lemma degree_coeff_0_Mpoly_bpoly:
  assumes "k \<le> n"
  shows "degree (coeff (Mpoly (bpoly n k)) 0) \<le> n"
proof -
  define q where "q = [:1, -1 :: real:]"
  have "coeff (Mpoly (bpoly n k)) 0 = [:poly (shifted_jacobi (2 * k + 1) (n - k)) 1:] * poly (legendre_hom k) q"
    by (simp add: coeff_0_Mpoly bpoly_def poly_poly_at_sum q_def one_pCons pcompose_pCons_0)
  moreover have "degree (poly (legendre_hom k) q) \<le> k"
    unfolding legendre_hom_def poly_sum
  proof (intro degree_sum_le finite_atMost)
    fix s assume "s \<in> {..k}"
    have "degree (q ^ (k - s) * [:0, 1:] ^ s) \<le> (k - s) + s"
      using degree_mult_le[of "q ^ (k - s)" "[:0, 1:] ^ s"]
        degree_power_le[of q "k - s"] degree_power_le[of "[:0::real, 1:]" s]
      by (simp add: q_def)
    moreover have "poly (const2 c * (X1 ^ (k - s) * X2 ^ s)) q = smult c (q ^ (k - s) * [:0, 1:] ^ s)" for c
      by (simp add: const2_def X1_def X2_def poly_power)
    ultimately show "degree (poly (const2 (legendre_hom_coeff k s) * (X1 ^ (k - s) * X2 ^ s)) q) \<le> k"
      using \<open>s \<in> {..k}\<close> degree_smult_le[of _ "q ^ (k - s) * [:0, 1:] ^ s"] by simp
  qed
  moreover have "degree ([:c:] * r) \<le> degree r" for c and r :: "real poly"
    by (simp add: degree_smult_le)
  ultimately show ?thesis
    using assms by (metis le_trans)
qed

lemma eval2_0_left: "eval2 p 0 z = poly (coeff p 0) z"
  by (simp add: eval2_def poly_0_coeff_0[symmetric])

text \<open>Both \<open>M b\<^sub>n\<^sub>,\<^sub>k\<close> and the combination of the \<open>b\<^sub>n\<^sub>,\<^sub>i\<close> matching it on the edge
  \<open>x\<^sub>1 = 0\<close> are eigenpolynomials of \<open>L\<close> for the eigenvalue \<open>-n(n+2)\<close>; their difference
  vanishes on that edge and is therefore zero.\<close>

lemma Mop_bbasis_expansion_exists:
  assumes "k \<le> n"
  shows "\<exists>c. \<forall>y z. bbasis n k (1 - y - z, z) = (\<Sum>i\<le>n. bbasis n i (y, z) * c i)"
proof -
  obtain c where c: "coeff (Mpoly (bpoly n k)) 0 = (\<Sum>i\<le>n. smult (c i) (coeff (bpoly n i) 0))"
    using triangular_polys_span[OF coeff_0_bpoly_triangular degree_coeff_0_Mpoly_bpoly[OF assms]]
    by blast
  define D where "D = Mpoly (bpoly n k) - (\<Sum>i\<le>n. const2 (c i) * bpoly n i)"
  define \<mu> :: poly2 where "\<mu> = - of_nat (n * n + 2 * n)"
  have eigen: "tri_op (bpoly n i) = \<mu> * bpoly n i" if "i \<le> n" for i
    using tri_op_bpoly[OF that] by (simp add: \<mu>_def)
  have "tri_op (\<Sum>i\<le>n. const2 (c i) * bpoly n i) = (\<Sum>i\<le>n. \<mu> * (const2 (c i) * bpoly n i))"
    unfolding tri_op_sum tri_op_const2_mult by (intro sum.cong refl) (simp add: eigen mult.left_commute)
  moreover have "tri_op (Mpoly (bpoly n k)) = \<mu> * Mpoly (bpoly n k)"
    unfolding tri_op_Mpoly eigen[OF assms] Mpoly_mult \<mu>_def by (simp only: Mpoly_minus Mpoly_of_nat)
  ultimately have "tri_op D = \<mu> * D"
    unfolding D_def tri_op_diff by (simp only: sum_distrib_left right_diff_distrib)
  then have "tri_op D = const2 (- of_nat (n * n + 2 * n)) * D"
    by (simp add: \<mu>_def const2_def of_nat_poly)
  moreover have "coeff D 0 = 0"
    using c unfolding D_def coeff_diff coeff_sum by (simp add: coeff_mult_0 const2_def)
  ultimately have "D = 0" by (rule tri_op_eigen_eq_0)
  then have "eval2 (Mpoly (bpoly n k)) y z = eval2 (\<Sum>i\<le>n. const2 (c i) * bpoly n i) y z" for y z
    by (simp add: D_def)
  then have "bbasis n k (1 - y - z, z) = (\<Sum>i\<le>n. bbasis n i (y, z) * c i)" for y z
    by (simp add: eval2_Mpoly eval2_bpoly eval2_sum eval2_mult mult.commute)
  then show ?thesis by blast
qed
━━━━━━
Would you please return all lines of the data that include the word "shows"?

* [RESPONSE]:
  shows "degree (coeff (Mpoly (bpoly n k)) 0) \<le> n"
  shows "\<exists>c. \<forall>y z. bbasis n k (1 - y - z, z) = (\<Sum>i\<le>n. bbasis n i (y, z) * c i)"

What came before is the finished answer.